Study of direct and indirect naphtha recycling to a resid FCC unit for maximum propylene production

To satisfy the increasing propylene demand, direct and indirect naphtha recycling schemes around an existing resid fluid catalytic cracking (FCC) unit were investigated. To this aim, light cracked naphtha (LCN), heavy cracked naphtha (HCN) and a PolyNaphtha (PN) oligomerisation product were cracked under a wide range of operating conditions over a commercial Y zeolite based equilibrium catalyst. Experimental data were acquired in three different units: a fixed bed bench scale unit, a fixed fluidised bed unit and an adiabatic circulating fluidised bed pilot plant.
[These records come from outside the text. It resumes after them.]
lemma exists_orthogonal_3:
  fixes a b :: "complex^3"
  obtains x where "x \<noteq> 0" "cinner a x = 0" "cinner b x = 0"
proof -
  define M :: "complex^3^3" where
    "M = (\<chi> i j. if i = 1 then cnj (a$j) else if i = 2 then cnj (b$j) else 0)"
  have "row 3 M = 0"
    by (simp add: M_def row_def vec_eq_iff)
  then have "\<not> inj ((*v) M)"
    using det_nz_iff_inj_gen[of "(*v) M"] det_zero_row(2) by auto
  then obtain x y where xy: "x \<noteq> y" "M *v x = M *v y"
    unfolding inj_def by blast
  then have "M *v (x - y) = 0"
    by (simp add: matrix_vector_mult_diff_distrib)
  moreover have "(M *v (x - y)) $ 1 = cinner a (x - y)" "(M *v (x - y)) $ 2 = cinner b (x - y)"
    by (simp_all add: M_def matrix_vector_mult_def cinner_def)
  ultimately show thesis
    using that[of "x - y"] xy(1) by simp
qed

theorem self_adjoint_spectral_3:
  fixes A :: op3
  assumes sa: "self_adjoint A"
  obtains U d where "unitary U" "A = spectral_mat U d"
proof -
  have "axis 1 1 \<noteq> (0::complex^3)"
    by (simp add: axis_def vec_eq_iff)
  then obtain v1 m1 where v1: "norm v1 = 1" "A *v v1 = of_real m1 *s v1"
    using self_adjoint_eigenvector_orthogonal[OF sa, of "{}"] by (metis empty_iff)
  obtain x2 where "x2 \<noteq> 0" "cinner v1 x2 = 0"
    using exists_orthogonal_3[of v1 v1] by blast
  then obtain v2 m2 where v2: "norm v2 = 1" "cinner v1 v2 = 0" "A *v v2 = of_real m2 *s v2"
    using self_adjoint_eigenvector_orthogonal[OF sa, of "{v1}" x2] v1 by auto
  obtain x3 where "x3 \<noteq> 0" "cinner v1 x3 = 0" "cinner v2 x3 = 0"
    using exists_orthogonal_3[of v1 v2] by blast
  then obtain v3 m3 where v3: "norm v3 = 1" "cinner v1 v3 = 0 \<and> cinner v2 v3 = 0"
      "A *v v3 = of_real m3 *s v3"
    using self_adjoint_eigenvector_orthogonal[OF sa, of "{v1, v2}" x3] v1 v2 by auto
  define V where "V k = (if k = 1 then v1 else if k = 2 then v2 else v3)" for k :: 3
  define m where "m k = (if k = 1 then m1 else if k = 2 then m2 else m3)" for k :: 3
  have "cinner v2 v1 = 0" "cinner v3 v1 = 0" "cinner v3 v2 = 0"
    using v2 v3 cinner_cnj[of v1 v2] cinner_cnj[of v1 v3] cinner_cnj[of v2 v3] by simp_all
  moreover have "cinner v v = 1" if "norm v = 1" for v :: "complex^3"
    using that by (simp add: cinner_self)
  ultimately have "cinner (V k) (V l) = (if k = l then 1 else 0)" for k l
    using exhaust_3[of k] exhaust_3[of l] v1 v2 v3 by (auto simp: V_def)
  moreover have "A *v V k = of_real (m k) *s V k" for k
    using v1 v2 v3 by (simp add: V_def m_def)
  ultimately show thesis
    using that spectral_mat_orthonormal_eigenvectors by blast
qed

section \<open>Functional calculus and tensor products\<close>

text \<open>On the eigenvector \<open>U e\<^sub>r\<close> both candidates for \<open>abs_powr\<close> must act as \<open>\<bar>d r\<bar> powr p\<close>, which
  pins down the (otherwise arbitrary) value of the \<open>THE\<close> in its definition.\<close>
lemma abs_powr_spectral_mat:
  fixes U :: "complex^'n^'n"
  assumes u: "unitary U"
  shows "abs_powr p (spectral_mat U d) = spectral_mat U (\<lambda>r. \<bar>d r\<bar> powr p)"
proof -
  define M0 where "M0 = spectral_mat U (\<lambda>r. \<bar>d r\<bar> powr p)"
  define P where "P M \<longleftrightarrow> (\<forall>c v. spectral_mat U d *v v = c *s v \<longrightarrow>
      M *v v = complex_of_real (cmod c powr p) *s v)" for M :: "complex^'n^'n"
  have "P M0"
    unfolding P_def
  proof (intro allI impI)
    fix c v assume v: "spectral_mat U d *v v = c *s v"
    define w where "w = adjoint_mat U *v v"
    have "of_real (\<bar>d r\<bar> powr p) * w $ r = of_real (cmod c powr p) * w $ r" for r
      using spectral_mat_eigenvalue[OF u v, of r] by (cases "w $ r = 0") (auto simp: w_def)
    then have "diag_mat (\<lambda>r. of_real (\<bar>d r\<bar> powr p)) *v w = of_real (cmod c powr p) *s w"
      by (simp add: vec_eq_iff diag_mat_mult_vec_nth)
    moreover have "U *v w = v"
      using u by (simp add: unitary_def w_def matrix_vector_mul_assoc)
    ultimately show "M0 *v v = of_real (cmod c powr p) *s v"
      by (metis M0_def spectral_mat_def matrix_vector_mul_assoc w_def vector_scalar_commute)
  qed
  moreover have "M = M0" if "P M" for M
  proof -
    have "(M ** U) *v axis r 1 = (M0 ** U) *v axis r 1" for r
      using \<open>P M\<close> \<open>P M0\<close> spectral_mat_mult_column[OF u, of d r]
      unfolding P_def by (metis matrix_vector_mul_assoc)
    then have "M ** U ** adjoint_mat U = M0 ** U ** adjoint_mat U"
      using matrix_eq_on_axes by metis
    with u show ?thesis
      by (simp add: unitary_def flip: matrix_mul_assoc)
  qed
  ultimately have "abs_powr p (spectral_mat U d) = M0"
    unfolding abs_powr_def P_def[symmetric] by (rule the_equality)
  then show ?thesis
    by (simp add: M0_def)
qed

lemma kron_mult: "kron A B ** kron C D = kron (A ** C) (B ** D)"
proof -
  have "(kron A B ** kron C D) $ r $ s = (kron (A ** C) (B ** D)) $ r $ s" for r s
  proof -
    have "(kron A B ** kron C D) $ r $ s = (\<Sum>q\<in>UNIV \<times> UNIV.
        A $ fst r $ fst q * C $ fst q $ fst s * (B $ snd r $ snd q * D $ snd q $ snd s))"
      by (simp add: kron_def matrix_matrix_mult_def mult_ac)
    also have "\<dots> = (\<Sum>a\<in>UNIV. A $ fst r $ a * C $ a $ fst s) * (\<Sum>b\<in>UNIV. B $ snd r $ b * D $ b $ snd s)"
      by (simp add: sum.cartesian_product sum_product split_def)
    finally show ?thesis
      by (simp add: kron_def matrix_matrix_mult_def)
  qed
  then show ?thesis
    by (simp add: vec_eq_iff)
qed

lemma adjoint_kron: "adjoint_mat (kron A B) = kron (adjoint_mat A) (adjoint_mat B)"
  by (simp add: vec_eq_iff adjoint_mat_def kron_def)

lemma kron_mat_1: "kron (mat 1) (mat 1) = mat 1"
  by (auto simp: vec_eq_iff kron_def mat_def prod_eq_iff)

lemma kron_diag_mat: "kron (diag_mat a) (diag_mat b) = diag_mat (\<lambda>q. a (fst q) * b (snd q))"
  by (auto simp: vec_eq_iff kron_def diag_mat_def prod_eq_iff)

lemma kron_spectral_mat:
  "kron (spectral_mat U a) (spectral_mat V b) = spectral_mat (kron U V) (\<lambda>q. a (fst q) * b (snd q))"
proof -
  have "diag_mat (\<lambda>q. complex_of_real (a (fst q) * b (snd q)))
      = kron (diag_mat (\<lambda>k. of_real (a k))) (diag_mat (\<lambda>k. of_real (b k)))"
    by (simp add: kron_diag_mat)
  then show ?thesis
    unfolding spectral_mat_def by (simp add: adjoint_kron kron_mult)
qed

lemma unitary_kron: "unitary U \<Longrightarrow> unitary V \<Longrightarrow> unitary (kron U V)"
  by (simp add: unitary_def adjoint_kron kron_mult kron_mat_1)

text \<open>The transpose has the conjugate eigenbasis, so both tensor factors are diagonal in the
  product basis \<open>kron U (conj_mat U)\<close>.\<close>
lemma comm_op_spectral_mat:
  assumes u: "unitary U"
  shows "comm_op (spectral_mat U d) = spectral_mat (kron U (conj_mat U)) (\<lambda>q. d (fst q) - d (snd q))"
proof -
  have "comm_op (spectral_mat U d)
      = kron (spectral_mat U d) (spectral_mat (conj_mat U) (\<lambda>k. 1))
        - kron (spectral_mat U (\<lambda>k. 1)) (spectral_mat (conj_mat U) d)"
    using u unitary_conj_mat[OF u] by (simp add: comm_op_def spectral_mat_one transpose_spectral_mat)
  then show ?thesis
    by (simp add: kron_spectral_mat spectral_mat_diff)
qed

lemma abs_powr_comm_op:
  assumes u: "unitary U"
  shows "abs_powr p (comm_op (spectral_mat U d))
       = spectral_mat (kron U (conj_mat U)) (\<lambda>q. \<bar>d (fst q) - d (snd q)\<bar> powr p)"
  using u by (simp add: comm_op_spectral_mat abs_powr_spectral_mat unitary_kron unitary_conj_mat)

section \<open>Inclusion\<close>

lemma C_set_zero: "0 \<in> C_set p"
  unfolding C_set_def by (intro CollectI exI[of _ "[]"]) (simp add: C_op_def)

lemma C_set_add:
  assumes "X \<in> C_set p" "Y \<in> C_set p"
  shows "X + Y \<in> C_set p"
proof -
  obtain As Bs where "X = C_op p As" "\<forall>A\<in>set As. self_adjoint A \<and> finite (spectrum_mat A)"
    "Y = C_op p Bs" "\<forall>A\<in>set Bs. self_adjoint A \<and> finite (spectrum_mat A)"
    using assms by (auto simp: C_set_def)
  then show ?thesis
    unfolding C_set_def by (intro CollectI exI[of _ "As @ Bs"]) (auto simp: C_op_def)
qed

lemma C_set_subsetI:
  assumes "\<And>A. self_adjoint A \<Longrightarrow> abs_powr p (comm_op A) \<in> C_set p'"
  shows "C_set p \<subseteq> C_set p'"
proof
  fix X assume "X \<in> C_set p"
  then obtain As where X: "X = C_op p As" and As: "\<forall>A\<in>set As. self_adjoint A"
    by (auto simp: C_set_def)
  from As have "C_op p As \<in> C_set p'"
    by (induction As) (auto simp: C_op_def C_set_zero C_set_add assms)
  with X show "X \<in> C_set p'"
    by simp
qed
It was shown that FCC naphthas require high operating severities to crack, and that even then their conversion remains relatively moderate. Hence, direct recycling to the main riser does not seem a viable pathway to increase propylene product. Feeding FCC naphthas to a second reaction zone operating at high severity allows to increase the propylene yield in a significant manner. Increasing conversion, however, not only leads to higher LPG and propylene yields, but also results in very high dry gas yields. An alternative scheme was proposed, in which the olefinic C4 and C5 fractions are converted into a naphtha fraction through oligomerisation in a dedicated unit before being recracked in the secondary riser. As the highly olefinic oligomerised effluent mainly consist of dimerised and trimerised butenes and pentenes, this feed is more easily cracked and high conversions can be achieved. This indirect interconversion of butenes and pentenes into propylene therefore effectively allows to convert these butenes and pentenes into propylene, resulting in a significant increase in propylene yield. Each of the three main naphtha recycle options (directly to the main riser, directly to a secondary riser or indirectly via a light olefin oligomerisation unit) have been analysed and compared to a base case. In the evaluation of each of these schemes, all heat balance effects, both on the riser and the regenerator side, have been accounted for. The proposed process scheme with an indirect recycle via an oligomerisation unit enhances the already inherent flexibility of the FCC unit. The naphtha recycle can be turned on or off, the second reaction zone can be used to crack naphtha or to crack resid feed to maximise throughput, while the effluent of the oligomerisation unit can be recycled to the FCC unit for propylene production or hydrogenated and sent to gasoline and kerosene pool.